The Nakba (), also known as the Palestinian Catastrophe, was the destruction of Palestinian society and homeland in 1948, and the permanent displacement of a majority of the Palestinian Arabs. The term is used to describe both the events of 1948 and the ongoing persecution, displacement, and occupation of the Palestinians, both in the occupied West Bank and the Gaza Strip, as well as in Palestinian refugee camps throughout the region.

The foundational events of the Nakba took place during and shortly after the 1948 Palestine war, including 78% of Mandatory Palestine being declared as Israel, the exodus of 700,000 Palestinians, the related depopulation and destruction of over 500 Palestinian villages and subsequent geographical erasure, the denial of the Palestinian right of return, the creation of permanent Palestinian refugees and the "shattering of Palestinian society".

In 1998, Yasser Arafat proposed that Palestinians should mark the 50th anniversary of the Nakba declaring 15 May, the day after Israeli independence in 1948, as Nakba Day, formalizing a date that had been unofficially used as early as 1949.

The Nakba greatly influenced the Palestinian culture and is a foundational symbol of Palestinian identity, together with "Handala", the keffiyeh and the symbolic key. Countless books, songs and poems have been written about the Nakba. Palestinian poet Mahmoud Darwish described the Nakba as "an extended present that promises to continue in the future."

Components 
The Nakba encompasses the displacement, dispossession, statelessness and fracturing of Palestinian society.

Displacement 

During the 1947–49 Palestine war, an estimated 700,000 Palestinians fled or were expelled, comprising around 80% of the Palestinian Arab inhabitants of what became Israel. Almost half of this figure (approximately 250,000–300,000 Palestinians) had fled or had been expelled ahead of the Israeli Declaration of Independence in May 1948, a fact which was named as a casus belli for the entry of the Arab League into the country, sparking the 1948 Arab–Israeli War. In the period after the war, a large number of Palestinians attempted to return to their homes; between 2,700 and 5,000 Palestinians were killed by Israel during this period, the vast majority being unarmed and intending to return for economic or social reasons.

At the same time, a significant proportion of those Palestinians who remained in Israel became internally displaced. In 1950, UNRWA estimated that 46,000 of the 156,000 Palestinians who remained inside the borders demarcated as Israel by the 1949 Armistice Agreements were internally displaced refugees. Today some 274,000 Arab citizens of Israel – or one in four in Israel – are internally displaced from the events of 1948.
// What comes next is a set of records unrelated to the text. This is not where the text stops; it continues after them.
lemma std_normal_moment2_gaussian_weight:
  fixes s :: real
  assumes "s > 0"
  shows "has_bochner_integral lborel
     (\<lambda>x. std_normal_density x * x\<^sup>2 * exp (- (1 / s\<^sup>2 - 1) * (x\<^sup>2 / 2))) (s ^ 3)"
proof -
  have integrand: "std_normal_density x * x\<^sup>2 * exp (- (1 / s\<^sup>2 - 1) * (x\<^sup>2 / 2))
      = s * (normal_density 0 s x * (x - 0) ^ (2 * 1))" for x
  proof -
    have "exp (- x\<^sup>2 / 2) * exp (- (1 / s\<^sup>2 - 1) * (x\<^sup>2 / 2)) = exp (- x\<^sup>2 / (2 * s\<^sup>2))"
      unfolding exp_add[symmetric] using assms by (simp add: field_simps)
    moreover have "sqrt (2 * pi * s\<^sup>2) = s * sqrt (2 * pi)"
      using assms by (simp add: real_sqrt_mult)
    ultimately show ?thesis
      using assms unfolding normal_density_def by (simp add: field_simps power2_eq_square)
  qed
  have "has_bochner_integral lborel (\<lambda>x. s * (normal_density 0 s x * (x - 0) ^ (2 * 1)))
      (s * (fact (2 * 1) / ((2 / s\<^sup>2) ^ 1 * fact 1)))"
    using assms by (intro has_bochner_integral_mult_right normal_moment_even)
  moreover have "s * (fact (2 * 1) / ((2 / s\<^sup>2) ^ 1 * fact 1)) = s ^ 3"
    using assms by (simp add: power2_eq_square power3_eq_cube)
  ultimately show ?thesis unfolding integrand by simp
qed

lemma p_CG_moment2_weight_Complex:
  fixes q a b :: real
  assumes "q > 0"
  defines "N \<equiv> normal_density 0 (sqrt (q / 2))"
  shows "p_CG (Complex a b) 1 * (cmod (Complex a b))\<^sup>2 * exp (- (1 / q - 1) * (cmod (Complex a b))\<^sup>2)
    = q * ((N a * a\<^sup>2) * N b) + q * (N a * (N b * b\<^sup>2))"
proof -
  have N: "N x = exp (- x\<^sup>2 / q) / sqrt (pi * q)" for x
    unfolding N_def normal_density_def using assms by (simp add: field_simps)
  have "exp (- (a\<^sup>2 + b\<^sup>2)) * exp (- (1 / q - 1) * (a\<^sup>2 + b\<^sup>2)) = exp (- a\<^sup>2 / q) * exp (- b\<^sup>2 / q)"
    unfolding exp_add[symmetric] using assms by (simp add: field_simps)
  moreover have "sqrt (pi * q) * sqrt (pi * q) = pi * q" using assms by simp
  ultimately show ?thesis
    using assms unfolding p_CG_def N by (simp add: complex_norm field_simps)
qed

lemma p_CG_moment2_gaussian_weight:
  fixes q :: real
  assumes "q > 0"
  shows "has_bochner_integral lborel
     (\<lambda>x. p_CG x 1 * (cmod x)\<^sup>2 * exp (- (1 / q - 1) * (cmod x)\<^sup>2)) (q\<^sup>2)"
proof -
  define h where "h x = p_CG x 1 * (cmod x)\<^sup>2 * exp (- (1 / q - 1) * (cmod x)\<^sup>2)" for x
  define \<sigma> where "\<sigma> = sqrt (q / 2)"
  have \<sigma>: "\<sigma> > 0" "\<sigma>\<^sup>2 = q / 2" using assms by (auto simp: \<sigma>_def)
  define N where "N = normal_density 0 \<sigma>"
  have N0: "integrable lborel N" "integral\<^sup>L lborel N = 1"
    using \<sigma> unfolding N_def by (auto intro: integrable_normal_density integral_normal_density)
  have "has_bochner_integral lborel (\<lambda>x. N x * x\<^sup>2) (\<sigma>\<^sup>2)"
    using normal_moment_even[OF \<sigma>(1), of 0 1] unfolding N_def by (simp add: power2_eq_square)
  then have N2: "integrable lborel (\<lambda>x. N x * x\<^sup>2)"
      "integral\<^sup>L lborel (\<lambda>x. N x * x\<^sup>2) = \<sigma>\<^sup>2"
    by (auto simp: has_bochner_integral_iff)
  note P1 = lborel_pair.integral_mult_fst_snd[OF N2(1) N0(1)]
  note P2 = lborel_pair.integral_mult_fst_snd[OF N0(1) N2(1)]
  have h_pair: "(\<lambda>p. h (Complex (fst p) (snd p))) = (\<lambda>p. q * ((N (fst p) * (fst p)\<^sup>2) * N (snd p))
      + q * (N (fst p) * (N (snd p) * (snd p)\<^sup>2)))"
    using p_CG_moment2_weight_Complex[OF assms] unfolding h_def N_def \<sigma>_def by simp
  have h_meas [measurable]: "h \<in> borel_measurable borel" unfolding h_def p_CG_def by measurable
  have "integrable (lborel \<Otimes>\<^sub>M lborel) (\<lambda>p. h (Complex (fst p) (snd p)))"
    unfolding h_pair
    by (intro Bochner_Integration.integrable_add Bochner_Integration.integrable_mult_right P1(1) P2(1))
  then have "integrable lborel h" by (simp add: integrable_lborel_complex_pair_iff)
  moreover have "integral\<^sup>L lborel h = q\<^sup>2"
    unfolding integral_lborel_complex_pair[OF h_meas] h_pair using P1 P2 N0 N2 \<sigma>
    by (simp add: power2_eq_square)
  ultimately show ?thesis unfolding h_def by (simp add: has_bochner_integral_iff)
qed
Dispossession and erasure 

The UN Partition Plan of 1947 assigned 56% of Palestine to the future Jewish state, while the Palestinian majority, 66%, were to receive 44% of the territory. 80% of the land in the programmed Jewish state was already owned by Palestinians, 11% had Jewish title. Before, during and after the 1947–49 war, hundreds of Palestinian towns and villages were depopulated and destroyed. Geographic names throughout the country were erased and replaced with Hebrew names, sometimes derivatives of the historical Palestinian nomenclature, and sometimes new inventions. Numerous non-Jewish historical sites were destroyed, not just during the wars, but in a subsequent process over a number of decades. For example, over 80% of Palestinian village mosques have been destroyed, and artefacts have been removed from museums and archives.
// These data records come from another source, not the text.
(* Let $k\ge 10$, and consider the procedure $\mathcal{A}$ (described in the context) started on an input $(\mathcal{L},\ell,\tau)$ with $\mathrm{rank}(\mathcal{L})=n\ge k$, $\tau\ge0$ and $1\le\ell\le n-k+1$. Then the total number of invocations of $\mathcal{A}$ made during the whole recursion is at most $4^{\tau}\cdot p(n)$ for a fixed polynomial $p$ (independent of $\mathcal{L},\ell,\tau,k$).
   Context: Notation: for a lattice $\mathcal{L}$, $\mathcal{L}^*$ is its dual lattice, and for a lattice $\mathcal{M}$, $\mathcal{M}^\perp$ is the orthogonal complement of $\mathrm{span}(\mathcal{M})$; for a rank-$r$ sublattice $\mathcal{M}\subseteq \mathcal{L}^*$, $\mathcal{L}\cap\mathcal{M}^\perp$ has rank $\mathrm{rank}(\mathcal{L})-r$. Sublattices returned by $\mathcal{A}(\mathcal{L},\ell,\tau)$ have rank $\ell$. Procedure $\mathcal{A}(\mathcal{L},\ell,\tau)$, with $n:=\mathrm{rank}(\mathcal{L})$ and $n>\ell\ge1$, $\tau\ge 0$ integers: 1. Duality step: if $\max\{1,(n-k)/5\}<\ell<n/2$ or $\ell\ge n-\max\{1,(n-k)/10\}$, output $\mathcal{L}\cap\mathcal{A}(\mathcal{L}^*,n-\ell,\tau)^\perp$. 2. Base cases: (a) if $n=k$ and $\ell=1$, call an HSVP oracle on $\mathcal{L}$ and output the lattice generated by the returned vector; (b) if $\tau=0$, output the lattice generated by the first $\ell$ vectors of an LLL-reduced basis of $\mathcal{L}$. 3. Recursive step: otherwise set $\ell^*=\lceil (n-k)/20\rceil$, $b=1$ if $\ell<n/2$ and $b=0$ otherwise, compute $\mathcal{M}:=\mathcal{A}(\mathcal{L}^*,\ell^*,\tau-b)$ and output $\mathcal{A}(\mathcal{L}\cap\mathcal{M}^\perp,\ell,\tau)$. The sequence of parameters $(n,\ell,\tau)$ of the invocations depends only on the initial parameters. *)

theory Defs
  imports "HOL-Computational_Algebra.Polynomial" Complex_Main
begin

text \<open>calls k n l t c : the invocation A(L, l, t) with rank(L) = n (and parameter k)
  terminates, and the total number of invocations of A made (including this one
  and all recursive ones) equals c.  Only the parameters (n, l, t) matter.\<close>

definition dual_cond :: "nat \<Rightarrow> nat \<Rightarrow> nat \<Rightarrow> bool" where
  "dual_cond k n l \<longleftrightarrow>
     (max 1 ((real n - real k) / 5) < real l \<and> real l < real n / 2) \<or>
     real l \<ge> real n - max 1 ((real n - real k) / 10)"

inductive calls :: "nat \<Rightarrow> nat \<Rightarrow> nat \<Rightarrow> nat \<Rightarrow> nat \<Rightarrow> bool" where
  duality: "dual_cond k n l \<Longrightarrow> calls k n (n - l) t c \<Longrightarrow> calls k n l t (Suc c)"
| base_hsvp: "\<not> dual_cond k n l \<Longrightarrow> n = k \<Longrightarrow> l = 1 \<Longrightarrow> calls k n l t 1"
| base_lll: "\<not> dual_cond k n l \<Longrightarrow> \<not> (n = k \<and> l = 1) \<Longrightarrow> t = 0 \<Longrightarrow> calls k n l t 1"
| recur: "\<not> dual_cond k n l \<Longrightarrow> \<not> (n = k \<and> l = 1) \<Longrightarrow> t \<noteq> 0 \<Longrightarrow>
     ls = nat \<lceil>(real n - real k) / 20\<rceil> \<Longrightarrow>
     b = (if real l < real n / 2 then 1 else 0) \<Longrightarrow>
     calls k n ls (t - b) c1 \<Longrightarrow> calls k (n - ls) l t c2 \<Longrightarrow>
     calls k n l t (1 + c1 + c2)"

end

theory Submission
  imports Defs
begin

text \<open>Write \<open>d = n - k\<close>. Every invocation satisfies \<open>\<ell> \<le> d + 1\<close> or \<open>n - \<ell> \<le> d + 1\<close>, and a duality
  step is never followed by another one. A non-dual invocation with \<open>\<tau> > 0\<close> and \<open>n > k\<close> makes
  one call with parameters \<open>(n, \<ell>\<^sup>*, \<tau> - 1)\<close> and, after at most one further call on
  \<open>(n, \<ell>\<^sup>*, \<tau>)\<close>, at most two calls of rank \<open>n - \<ell>\<^sup>*\<close> with the same \<open>\<tau>\<close>, where
  \<open>d - \<ell>\<^sup>* + 2 \<le> 21/22 (d + 2)\<close>. As \<open>1/4 + 2 (21/22)\<^sup>2\<^sup>2 < 1\<close>, induction on \<open>\<tau>\<close> and then
  on \<open>n\<close> bounds the number of invocations by \<open>4\<^sup>\<tau> (d + 2)\<^sup>2\<^sup>2\<close>, less one for non-dual
  invocations, which pays for the duality step.\<close>

definition lstar :: "nat \<Rightarrow> nat \<Rightarrow> nat" where
  "lstar k n = nat \<lceil>(real n - real k) / 20\<rceil>"

definition call_bound :: "nat \<Rightarrow> nat \<Rightarrow> real" where
  "call_bound t d = 4 ^ t * (real d + 2) ^ 22"

lemma lstar_bounds:
  assumes "k < n"
  shows "1 \<le> lstar k n" "lstar k n \<le> n - k"
    "real (n - k) / 20 \<le> real (lstar k n)" "real (lstar k n) < real (n - k) / 20 + 1"
proof -
  define x where "x = real (n - k) / 20"
  have "0 < x" using assms by (simp add: x_def)
  then have lstar_eq: "real (lstar k n) = of_int \<lceil>x\<rceil>"
    using assms by (simp add: lstar_def x_def of_nat_diff)
  show lower: "real (n - k) / 20 \<le> real (lstar k n)"
    using lstar_eq le_of_int_ceiling[of x] by (simp add: x_def)
  show upper: "real (lstar k n) < real (n - k) / 20 + 1"
    using lstar_eq ceiling_correct[of x] by (simp add: x_def)
  show "1 \<le> lstar k n" using lower \<open>0 < x\<close> x_def by simp
  have "real (lstar k n) < real (n - k) + 1" using upper of_nat_0_le_iff[of "n - k"] by linarith
  then show "lstar k n \<le> n - k" by linarith
qed

lemma call_bound_step:
  assumes "t \<noteq> 0" "1 \<le> s" "real d / 20 \<le> real s" "s \<le> d"
  shows "call_bound (t - 1) d + 2 * call_bound t (d - s) + 3 \<le> call_bound t d"
proof -
  define X where "X = (real d + 2) ^ 22"
  define W where "W = 4 ^ (t - 1) * X"
  have "real (d - s) + 2 \<le> 21/22 * (real d + 2)"
    using assms(2-4) by (simp add: of_nat_diff)
  then have "(real (d - s) + 2) ^ 22 \<le> (21/22) ^ 22 * X"
    unfolding X_def power_mult_distrib[symmetric] by (rule power_mono) simp
  also have "\<dots> \<le> 9/25 * X"
    by (rule mult_right_mono) (simp_all add: X_def power_divide)
  finally have shrink: "(real (d - s) + 2) ^ 22 \<le> 9/25 * X" .
  have four_pow: "(4::real) ^ t = 4 * 4 ^ (t - 1)"
    using assms(1) by (cases t) auto
  have "(2::real) ^ 22 \<le> X" unfolding X_def by (rule power_mono) auto
  moreover have "(1::real) \<le> 4 ^ (t - 1)" by simp
  ultimately have "25 \<le> W" unfolding W_def
    using mult_mono[of 1 "4 ^ (t - 1)" "2 ^ 22" X] by simp
  moreover have "call_bound t (d - s) \<le> 36/25 * W"
    unfolding call_bound_def four_pow W_def using shrink by (simp add: mult_left_mono)
  moreover have "call_bound (t - 1) d = W" "call_bound t d = 4 * W"
    unfolding call_bound_def four_pow W_def X_def by simp_all
  ultimately show ?thesis by linarith
qed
A variety of laws were promulgated in Israel to legalize the expropriation of Palestinian land.

Statelessness and denationalization 
The creation of Palestinian statelessness is a central component of the Nakba and continues to be a feature of Palestinian national life to the present day. All Arab Palestinians became immediately stateless as a result of the Nakba, although some took on other nationalities. After 1948, Palestinians ceased to be simply Palestinian, instead becoming either Israeli-Palestinians, UNRWA Palestinians, West Bank-Palestinians, and Gazan-Palestinians, in addition to the wider Palestinian diaspora who were able to achieve residency outside of historic Palestine and the refugee camps.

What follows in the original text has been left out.